┌─ Dataset records
lemma aN_mA_invariant:
  assumes y: "y \<in> NH" shows "aN (mA a b) y = aN a (aN b y)"
proof -
  define T where "T u = aN (act (u!0) a) (aN (act (u!1) b) y)" for u
  have T: "multilinear sc 2 T"
    by (rule multilinear2I) (simp_all add: T_def act_add_left aN_add_left aN_add_right act_sc aN_sA_left aN_sN_right)
  have "aN (mA a b) y = (\<Sum>w\<leftarrow>Phi. T [sc (eps (w!2)) (w!0), w!1])"
    unfolding aN_mA by (rule sum_list_map_cong) (simp add: T_def invariantD_module[OF y] aN_sN_right aN_sA_left act_sc)
  also have "\<dots> = T [1, 1]" by (rule sum_Phi_counit_right[OF T])
  finally show ?thesis by (simp add: T_def)
qed

lemma hN_aN_invariant:
  assumes y: "y \<in> NH" shows "hN h (aN a y) = aN (act h a) y"
proof -
  have "hN h (aN a y) = (\<Sum>w\<leftarrow>Dl h. aN (act (sc (eps (w ! 1)) (w ! 0)) a) y)"
    unfolding hN_aN by (rule sum_list_map_cong) (simp add: invariantD_module[OF y] aN_sN_right act_sc aN_sA_left)
  also have "\<dots> = aN (act (\<Sum>w\<leftarrow>Dl h. sc (eps (w ! 1)) (w ! 0)) a) y"
    by (simp add: act_sum_list_left aN_sum_list_left)
  finally show ?thesis by (simp only: counit_left)
qed

lemma aN_invariant_mem:
  assumes b: "b \<in> AH" and y: "y \<in> NH" shows "aN b y \<in> NH"
proof -
  have "hN h (aN b y) = sN (eps h) (aN b y)" for h
  proof -
    have "hN h (aN b y) = (\<Sum>w\<leftarrow>Dl h. sN (eps (w!0) * eps (w!1)) (aN b y))"
      unfolding hN_aN
      by (rule sum_list_map_cong)
         (simp add: invariantD_module[OF y] invariantD[OF b] aN_sN_right aN_sA_left sN_mult_scalar sN_commute)
    also have "\<dots> = sN (eps h) (aN b y)"
      by (simp add: sN_sum_list_scalar eps_Delta[of h])
    finally show ?thesis .
  qed
  then show ?thesis by (simp add: invariants_def)
qed

lemma bmodule_invariants: "bmodule AH mA uA NH (+) 0 aN"
proof -
  have "x + y \<in> NH" "- x \<in> NH" if "x \<in> NH" "y \<in> NH" for x y
    using that by (simp_all add: invariants_def hN_add sN_add hN_uminus sN_uminus)
  moreover have "0 \<in> NH"
    by (simp add: invariants_def)
  ultimately show ?thesis
    unfolding bmodule_def abgrp_def
    using aN_invariant_mem
    by (auto simp: aN_add_left aN_add_right aN_mA_invariant add.assoc add.commute intro!: bexI[of _ "- _"])
qed

end

lemma teq_btens_add_left: "teq (btens_rel B mA bM) [(a + a', m)] [(a, m), (a', m)]"
proof -
  have "(\<lambda>y. fsum [(a + a', m)] y - fsum [(a, m), (a', m)] y)
      = (\<lambda>y. delta (a + a', m) y - delta (a, m) y - delta (a', m) y)"
    by (auto simp: fun_eq_iff fsum_def delta_def)
  then show ?thesis unfolding teq_def by (simp only:) (rule sg_gen, unfold btens_rel_def, blast)
qed

lemma teq_btens_add_right: "teq (btens_rel B mA bM) [(a, m + m')] [(a, m), (a, m')]"
proof -
  have "(\<lambda>y. fsum [(a, m + m')] y - fsum [(a, m), (a, m')] y)
      = (\<lambda>y. delta (a, m + m') y - delta (a, m) y - delta (a, m') y)"
    by (auto simp: fun_eq_iff fsum_def delta_def)
  then show ?thesis unfolding teq_def by (simp only:) (rule sg_gen, unfold btens_rel_def, blast)
qed

lemma teq_btens_balanced: "b \<in> B \<Longrightarrow> teq (btens_rel B mA bM) [(mA a b, m)] [(a, bM b m)]"
proof -
  assume "b \<in> B"
  moreover have "(\<lambda>y. fsum [(mA a b, m)] y - fsum [(a, bM b m)] y)
      = (\<lambda>y. delta (mA a b, m) y - delta (a, bM b m) y)"
    by (auto simp: fun_eq_iff fsum_def delta_def)
  ultimately show ?thesis unfolding teq_def by (simp only:) (rule sg_gen, unfold btens_rel_def, blast)
qed

lemma btens_rel_cases:
  assumes "g \<in> btens_rel B mA bM"
  obtains (add_left) a a' m where "g = (\<lambda>y. fsum [(a + a', m)] y - fsum [(a, m), (a', m)] y)"
    | (add_right) a m m' where "g = (\<lambda>y. fsum [(a, m + m')] y - fsum [(a, m), (a, m')] y)"
    | (balanced) a b m where "b \<in> B" "g = (\<lambda>y. fsum [(mA a b, m)] y - fsum [(a, bM b m)] y)"
proof -
  have fsum2: "fsum [x, x'] y = delta x y + delta x' y" "fsum [x] y = delta x y" for x x' y
    by (simp_all add: fsum_def delta_def)
  from assms show thesis
    unfolding btens_rel_def
    by (elim UnE CollectE exE conjE) (simp_all only: fsum2 diff_diff_eq that)
qed

lemma teq_btens_map:
  assumes f_add: "\<And>x y. f (x + y) = f x + f y" and f_B: "\<And>a b. b \<in> B \<Longrightarrow> f (mA a b) = mA (f a) b"
    and u_add: "\<And>x y. u (x + y) = u x + u y" and u_B: "\<And>b m. b \<in> B \<Longrightarrow> u (bM' b m) = bM b (u m)"
    and "teq (btens_rel B mA bM') xs ys"
  shows "teq (btens_rel B mA bM) (map (map_prod f u) xs) (map (map_prod f u) ys)"
proof (rule teq_map[OF assms(5)])
  fix g assume "g \<in> btens_rel B mA bM'"
  then show "\<exists>P N. g = (\<lambda>y. fsum P y - fsum N y) \<and>
      teq (btens_rel B mA bM) (map (map_prod f u) P) (map (map_prod f u) N)"
  proof (cases rule: btens_rel_cases)
    case add_left
    then show ?thesis by (intro exI conjI) (assumption, simp add: f_add teq_btens_add_left)
  next
    case add_right
    then show ?thesis by (intro exI conjI) (assumption, simp add: u_add teq_btens_add_right)
  next
    case balanced
    then show ?thesis by (intro exI conjI) (assumption, simp add: f_B u_B teq_btens_balanced)
  qed
qed

lemma teq_btens_zero_left:
  fixes B :: "'a::ab_group_add set"
  shows "teq (btens_rel B mA bM) [(0, m)] []"
proof -
  have "teq (btens_rel B mA bM) [(0, m)] [(0, m), (0, m)]"
    using teq_btens_add_left[of B mA bM 0 0 m] by simp
  then have "teq (btens_rel B mA bM) ([(0, m)] @ [(0, m)]) ([] @ [(0, m)])"
    by (simp add: teq_sym)
  then show ?thesis by (rule teq_cancel) simp
qed

lemma teq_btens_sum_list_left:
  fixes B :: "'a::ab_group_add set"
  shows "teq (btens_rel B mA bM) [(sum_list (map f as), m)] (map (\<lambda>a. (f a, m)) as)"
proof (induction as)
  case Nil
  then show ?case by (simp add: teq_btens_zero_left)
next
  case (Cons a as)
  have "teq (btens_rel B mA bM) [(f a + sum_list (map f as), m)] ([(f a, m)] @ [(sum_list (map f as), m)])"
    using teq_btens_add_left by simp
  also have "teq (btens_rel B mA bM) \<dots> ([(f a, m)] @ map (\<lambda>a. (f a, m)) as)"
    by (rule teq_append[OF teq_refl Cons])
  finally show ?case by simp
qed

lemma case_prod_apfst: "(\<lambda>(a, m). (f a, m)) = apfst f"
  by (simp add: fun_eq_iff)

lemma mset_concat_map_Cons:
  "mset (concat (map (\<lambda>w. h w # r w) L)) = mset (map h L) + mset (concat (map r L))"
  by (induction L) auto

locale tensor_prod = module_alg sc Dl eps Phi Phinv sA act mA uA
  for sc :: "'k::field \<Rightarrow> 'h::ring_1 \<Rightarrow> 'h" and Dl eps Phi Phinv
    and sA :: "'k \<Rightarrow> 'a::ab_group_add \<Rightarrow> 'a" and act mA uA +
  fixes bM :: "'a \<Rightarrow> 'm::ab_group_add \<Rightarrow> 'm"
begin

abbreviation G :: "('a \<times> 'm \<Rightarrow> int) set" where
  "G \<equiv> btens_rel AH mA bM"

lemma tcls_map_apfst_trep:
  assumes "\<And>x y. f (x + y) = f x + f y" "\<And>a b. b \<in> AH \<Longrightarrow> f (mA a b) = mA (f a) b"
  shows "tcls G (map (apfst f) (trep (tcls G xs))) = tcls G (map (apfst f) xs)"
  using teq_btens_map[of f AH mA id bM bM] assms by (intro tcls_lift) (simp add: apfst_def)

lemma tscal_tcls [simp]: "tscal G sA c (tcls G xs) = tcls G (map (apfst (sA c)) xs)"
  unfolding tscal_def case_prod_apfst by (rule tcls_map_apfst_trep) (simp_all add: sA_add mA_sA_left)

lemma thact_tcls [simp]: "thact G act h (tcls G xs) = tcls G (map (apfst (act h)) xs)"
  unfolding thact_def case_prod_apfst by (rule tcls_map_apfst_trep) (simp_all add: act_add act_mA_invariant)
└─
*What the task asks*
Take the entries above and return only the lines from the one with "proof (rule teq_map[OF assms(5)])" to the one with "case balanced", both included, unchanged.

*Expected answer*
proof (rule teq_map[OF assms(5)])
  fix g assume "g \<in> btens_rel B mA bM'"
  then show "\<exists>P N. g = (\<lambda>y. fsum P y - fsum N y) \<and>
      teq (btens_rel B mA bM) (map (map_prod f u) P) (map (map_prod f u) N)"
  proof (cases rule: btens_rel_cases)
    case add_left
    then show ?thesis by (intro exI conjI) (assumption, simp add: f_add teq_btens_add_left)
  next
    case add_right
    then show ?thesis by (intro exI conjI) (assumption, simp add: u_add teq_btens_add_right)
  next
    case balanced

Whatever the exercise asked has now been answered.